Inhibition of Carbonic Anhydrase Reduces Brain Injury After Intracerebral Hemorrhage

Carbonic anhydrase 1 (CA-1) is a metalloenzyme present at high concentrations in erythrocytes. Our previous studies showed that erythrocyte lysis contributes to brain edema formation after intracerebral hemorrhage (ICH), and a recent study indicates that CA-1 can cause blood-brain barrier disruption. The present study investigated the role of CA-1 in ICH-induced brain injury. There were three groups in the study. In the first, adult male Sprague Dawley rats received 100 mu l autologous blood injection into the right caudate. Sham rats had a needle insertion. Rat brains were used for brain CA-1 level determination. In the second group, rats received an intracaudate injection of either 50 mu l CA-1 (1 mu g/mu l) or saline. Brain water content, microglia activation, and neuronal death (Fluoro-Jade C staining) were examined 24 h later. In the third group, acetazolamide (AZA, 5 mu l, 1 mM), an inhibitor of carbonic anhydrases, or vehicle was co-injected with 100 mu l blood.
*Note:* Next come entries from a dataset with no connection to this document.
(* The functional $\mathcal{E}^{\rm TF}$ is strictly convex on $\mathcal{M}^{\rm TF}$. Consequently, a minimizer of $\mathcal{E}^{\rm TF}$ over $\mathcal{M}^{\rm TF}$, if it exists, is unique.
   Context: Let $K\ge1$ be an integer and $x_1,\ldots,x_K\in\mathbb{R}^2$. Set $V_{\rm nuc}(x)=-\sum_{i=1}^K\log|x-x_i|$, $D(\sigma,\sigma)=-\frac12\iint\sigma(x)\log|x-y|\sigma(y)\,dx\,dy$, and $\mathcal{E}^{\rm TF}[\sigma]=-\int_{\mathbb{R}^2}V_{\rm nuc}\sigma+D(\sigma,\sigma)$, on $\mathcal{M}^{\rm TF}=\{\sigma\in L^\infty(\mathbb{R}^2)\cap L^1(\mathbb{R}^2,\log(2+|x|)dx):0\leq\sigma\leq1,\ \int\sigma=K\}$. *)

theory Defs
  imports "HOL-Analysis.Analysis"
begin

type_synonym pt = "real ^ 2"

definition V_nuc :: "nat \<Rightarrow> (nat \<Rightarrow> pt) \<Rightarrow> pt \<Rightarrow> real" where
  "V_nuc K xs x = - (\<Sum>i<K. ln (norm (x - xs i)))"

definition D_TF :: "(pt \<Rightarrow> real) \<Rightarrow> real" where
  "D_TF s = - (1/2) * (\<integral>x. (\<integral>y. s x * ln (norm (x - y)) * s y \<partial>lebesgue) \<partial>lebesgue)"

definition E_TF :: "nat \<Rightarrow> (nat \<Rightarrow> pt) \<Rightarrow> (pt \<Rightarrow> real) \<Rightarrow> real" where
  "E_TF K xs s = - (\<integral>x. V_nuc K xs x * s x \<partial>lebesgue) + D_TF s"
Brain water content, neuronal death, and behavioral deficits were measured. We found that CA-I levels were elevated in the ipsilateral basal ganglia at 24 h after ICH. Intracaudate injection of CA-1 induced brain edema (79.0 +/- 0.6 vs. 78.0 +/- 0.2% in the saline group, p<0.01), microglia activation, and neuronal death (p<0.01) at 24 h. AZA, an inhibitor of CA, reduced ICH-induced brain water content (79.3 +/- 0.7 vs. 81.0 +/- 1.0% in the vehicle-treated group, p<0.05), neuronal death, and improved functional outcome (p<0.05). These results suggest that CA-1 from erythrocyte lysis contributes to brain injury after ICH.